"KalDB: A cloud native log search platform" by Suman Karumuri (Strange Loop 2022)

Suman Karumuri, architect on Slack's observability team, presents KalDB, a cloud-native log search platform used to manage a petabyte of log data, highlighting its architecture, features, and scalability.

Key takeaways
  • KalDB manages a petabyte of log data with a 7-day retention period at Slack.
  • Slack’s use cases involve full-text search and older logs are indexed eventually.
  • Lucene is a feasible storage engine for log data.
  • The indexing process can be optimized by storing older logs in S3 and using tied storage.
  • The common fields in log messages can be extracted into key-value pairs.
  • Schema-less data allows for easier data management and query efficiency.
  • CalDB prioritizes indexing fresh logs over older logs.
  • Using cache nodes allows for faster query responses and better hardware utilization.
  • At scale, logs can be categorized into four types: high operational overhead, delayed logs, noisy neighbors, and field conflicts.
  • The cluster manager assigns tasks to recovery indexers and manages data life cycles.
  • Metadata stores are crucial for efficient data retrieval.
  • Using S3 as a deep store for logs reduces storage costs.
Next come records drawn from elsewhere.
lemma circ_corr_gauss_weighted:
  fixes f h :: "nat \<Rightarrow> real" and \<tau> M :: real
  assumes s: "s < S" and r: "4 * S < r" and \<tau>: "\<tau> \<ge> 0"
    and f_supp: "\<And>t. 2 * S \<le> t \<Longrightarrow> f t = 0"
    and f_bound: "\<And>t. \<bar>f t\<bar> \<le> M" and h_bound: "\<And>t. \<bar>h t\<bar> \<le> M"
  defines "g \<equiv> gauss_weight \<tau> S" and "d \<equiv> 2 * S - 1 - 2 * s"
  shows "\<bar>circ_corr r (\<lambda>t. g t * f t) (\<lambda>t. g t * h t) d / (g s * g (2 * S - 1 - s))
           - f s * h (2 * S - 1 - s)\<bar> \<le> 2 * real S * exp (- 2 * \<tau>) * M\<^sup>2"
proof -
  define e where "e t = exp (- 2 * \<tau> * (real t - real s)\<^sup>2) * f t * h (t + d)" for t
  have "circ_corr r (\<lambda>t. g t * f t) (\<lambda>t. g t * h t) d / (g s * g (2 * S - 1 - s))
      = (\<Sum>t<2 * S. e t)"
    using circ_corr_gauss_weighted_eq[where f = f and h = h and \<tau> = \<tau>, OF s r f_supp]
    by (simp add: e_def g_def d_def)
  also have "\<dots> = e s + (\<Sum>t\<in>{..<2 * S} - {s}. e t)"
    using s by (simp add: sum.remove)
  finally have corr: "circ_corr r (\<lambda>t. g t * f t) (\<lambda>t. g t * h t) d / (g s * g (2 * S - 1 - s))
      = e s + (\<Sum>t\<in>{..<2 * S} - {s}. e t)" .
  have "e s = f s * h (2 * S - 1 - s)"
    using s by (simp add: e_def d_def)
  have "\<bar>e t\<bar> \<le> exp (- 2 * \<tau>) * M\<^sup>2" if "t \<noteq> s" for t
  proof -
    have "1 \<le> \<bar>real t - real s\<bar>"
      using that by linarith
    then have "1 \<le> (real t - real s)\<^sup>2"
      by (metis one_le_power power2_abs)
    then have "exp (- 2 * \<tau> * (real t - real s)\<^sup>2) \<le> exp (- 2 * \<tau>)"
      using mult_left_mono[of 1 "(real t - real s)\<^sup>2" \<tau>] \<tau> by simp
    moreover have "\<bar>f t\<bar> * \<bar>h (t + d)\<bar> \<le> M\<^sup>2"
      using f_bound h_bound order_trans[OF abs_ge_zero f_bound]
      by (simp add: power2_eq_square mult_mono)
    ultimately show ?thesis
      unfolding e_def abs_mult by (simp add: mult.assoc mult_mono)
  qed
  then have "\<bar>\<Sum>t\<in>{..<2 * S} - {s}. e t\<bar> \<le> real (card ({..<2 * S} - {s})) * (exp (- 2 * \<tau>) * M\<^sup>2)"
    by (intro order_trans[OF sum_abs] order_trans[OF sum_bounded_above]) auto
  also have "\<dots> \<le> 2 * real S * (exp (- 2 * \<tau>) * M\<^sup>2)"
    using s by (intro mult_right_mono) auto
  finally show ?thesis
    using corr \<open>e s = f s * h (2 * S - 1 - s)\<close> by (simp add: mult.assoc)
qed

lemma exists_exp_decay_le:
  fixes c \<epsilon> :: real
  assumes "c \<ge> 0" "\<epsilon> > 0"
  obtains \<tau> where "\<tau> \<ge> 0" "c * exp (- 2 * \<tau>) \<le> \<epsilon>"
proof
  define \<tau> where "\<tau> = ln ((c + \<epsilon>) / \<epsilon>) / 2"
  show "\<tau> \<ge> 0"
    using assms by (simp add: \<tau>_def)
  have "exp (- 2 * \<tau>) = inverse (exp (ln ((c + \<epsilon>) / \<epsilon>)))"
    by (simp add: \<tau>_def exp_minus)
  also have "\<dots> = \<epsilon> / (c + \<epsilon>)"
    using assms by simp
  moreover have "c * \<epsilon> \<le> \<epsilon> * (c + \<epsilon>)"
    using assms by (simp add: algebra_simps)
  ultimately show "c * exp (- 2 * \<tau>) \<le> \<epsilon>"
    using assms by (simp add: pos_divide_le_eq add_nonneg_pos)
qed

lemma mirrored_gauss_score_error:
  fixes u v :: "nat \<Rightarrow> 'n \<Rightarrow> real" and \<kappa> :: "nat \<Rightarrow> 'k" and S :: nat and \<tau> M :: real
  defines "F \<equiv> \<lambda>t i. if t < S then u t i else if t < 2 * S then v (2 * S - 1 - t) i else 0"
    and "g \<equiv> gauss_weight \<tau> S"
  assumes r: "4 * S < r" and \<tau>: "\<tau> \<ge> 0" and F_bound: "\<And>t i. \<bar>F t i\<bar> \<le> M"
  shows "\<bar>hole_score r (\<lambda>i t. g t * F t i)
            (\<lambda>k m. \<Sum>s<S. if \<kappa> s = k \<and> m = 2 * S - 1 - 2 * s then inverse (g s * g (2 * S - 1 - s)) else 0)
            i j k
          - (\<Sum>s<S. if \<kappa> s = k then u s i * v s j else 0)\<bar>
         \<le> real S * (2 * real S * exp (- 2 * \<tau>) * M\<^sup>2)"
proof -
  define A where "A = (\<lambda>i t. g t * F t i)"
  define W where "W = (\<lambda>s. g s * g (2 * S - 1 - s))"
  define d where "d = (\<lambda>s. 2 * S - 1 - 2 * s)"
  have "hole_score r A (\<lambda>k m. \<Sum>s<S. if \<kappa> s = k \<and> m = d s then inverse (W s) else 0) i j k
      = (\<Sum>s<S. if \<kappa> s = k then circ_corr r (A i) (A j) (d s) / W s else 0)"
    using r by (subst hole_score_slots) (auto simp: d_def divide_inverse_commute cong: if_cong)
  then have "\<bar>hole_score r A (\<lambda>k m. \<Sum>s<S. if \<kappa> s = k \<and> m = d s then inverse (W s) else 0) i j k
        - (\<Sum>s<S. if \<kappa> s = k then u s i * v s j else 0)\<bar>
      = \<bar>\<Sum>s<S. if \<kappa> s = k then circ_corr r (A i) (A j) (d s) / W s - u s i * v s j else 0\<bar>"
    by (simp add: sum_subtractf[symmetric] if_distrib[of "\<lambda>x. x - _"] cong: if_cong)
  also have "\<dots> \<le> (\<Sum>s<S. 2 * real S * exp (- 2 * \<tau>) * M\<^sup>2)"
  proof (intro order_trans[OF sum_abs] sum_mono)
    fix s assume "s \<in> {..<S}"
    then have "\<bar>circ_corr r (A i) (A j) (d s) / W s - F s i * F (2 * S - 1 - s) j\<bar>
        \<le> 2 * real S * exp (- 2 * \<tau>) * M\<^sup>2"
      unfolding A_def W_def d_def g_def
      using r \<tau> F_bound by (intro circ_corr_gauss_weighted) (auto simp: F_def)
    moreover have "F s i = u s i" "F (2 * S - 1 - s) j = v s j"
      using \<open>s \<in> {..<S}\<close> by (auto simp: F_def)
    ultimately show "\<bar>if \<kappa> s = k then circ_corr r (A i) (A j) (d s) / W s - u s i * v s j else 0\<bar>
        \<le> 2 * real S * exp (- 2 * \<tau>) * M\<^sup>2"
      by simp
  qed
  finally show ?thesis
    by (simp add: A_def W_def d_def cong: if_cong)
qed

lemma hole_approximable_rank_one_sum:
  fixes u v :: "nat \<Rightarrow> 'n::finite \<Rightarrow> real" and \<kappa> :: "nat \<Rightarrow> 'k"
  assumes r: "4 * S < r"
  shows "hole_approximable r (\<lambda>i j k. \<Sum>s<S. if \<kappa> s = k then u s i * v s j else 0)"
  unfolding hole_approximable_def
proof (intro allI impI)
  fix \<epsilon> :: real assume \<epsilon>: "\<epsilon> > 0"
  define F where "F t i = (if t < S then u t i else if t < 2 * S then v (2 * S - 1 - t) i else 0)" for t i
  obtain M where M: "M \<ge> 1" "\<And>t i. t < 2 * S \<Longrightarrow> \<bar>F t i\<bar> \<le> M"
    using obtain_abs_bound[of "{..<2 * S} \<times> UNIV" "\<lambda>(t, i). F t i"]
    by (metis (no_types, lifting) finite_SigmaI finite_lessThan finite_class.finite_UNIV
        lessThan_iff mem_Sigma_iff UNIV_I case_prod_conv)
  have F_bound: "\<bar>F t i\<bar> \<le> M" for t i
    using M by (cases "t < 2 * S") (simp_all add: F_def)
  obtain \<tau> where \<tau>: "\<tau> \<ge> 0" "real S * (2 * real S * exp (- 2 * \<tau>) * M\<^sup>2) \<le> \<epsilon>"
    using exists_exp_decay_le[of "2 * real S * real S * M\<^sup>2" \<epsilon>] \<epsilon> by (auto simp: mult_ac)
  show "\<exists>A R. \<forall>i j k. \<bar>hole_score r A R i j k - (\<Sum>s<S. if \<kappa> s = k then u s i * v s j else 0)\<bar> \<le> \<epsilon>"
    using mirrored_gauss_score_error[where u = u and v = v and \<kappa> = \<kappa> and M = M, OF r \<tau>(1) F_bound[unfolded F_def]] \<tau>(2)
    by (meson order_trans)
qed

lemma rank_factorization:
  fixes A :: "real^'n::finite^'m::finite"
  obtains u v where "\<And>i j. A $ i $ j = (\<Sum>l<rank A. u l i * v l j)"
proof -
  obtain Bs where Bs: "Bs \<subseteq> rows A" "independent Bs" "rows A \<subseteq> span Bs" "card Bs = dim (rows A)"
    by (rule basis_exists)
  have "finite Bs"
    using Bs(2) by (rule finiteI_independent)
  obtain h where h: "bij_betw h {..<rank A} Bs"
    using ex_bij_betw_nat_finite[OF \<open>finite Bs\<close>] Bs(4) by (auto simp: row_rank_def atLeast0LessThan)
  have "\<exists>c. row i A = (\<Sum>x\<in>Bs. c x *\<^sub>R x)" for i
    using Bs(3) span_finite[OF \<open>finite Bs\<close>] by (auto simp: rows_def)
  then obtain c where c: "\<And>i. row i A = (\<Sum>x\<in>Bs. c i x *\<^sub>R x)"
    by metis
  have "A $ i $ j = (\<Sum>l<rank A. c i (h l) * h l $ j)" for i j
  proof -
    have "A $ i $ j = (\<Sum>x\<in>Bs. c i x * x $ j)"
      using c[of i] by (simp add: row_def sum_component vec_eq_iff)
    also have "\<dots> = (\<Sum>l<rank A. c i (h l) * h l $ j)"
      by (rule sum.reindex_bij_betw[OF h, symmetric])
    finally show ?thesis .
  qed
  then show ?thesis
    by (rule that)
qed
  • CalDB’s architecture allows for elastic scalability and Kubernetes native integration.
  • The system employs cache nodes that download segments from S3 and serve queries.
  • Queries typically revolve around last-day data, making it essential to have efficient query execution.
  • Duplicate information in logs and traces can be reduced by using aggregation support and ES-compatible APIs.
  • Fauna and CalDB can be used to overcome field conflicts.
  • Suman Karumuri is an architect on the observability team at Slack, building and running petabyte-scale systems.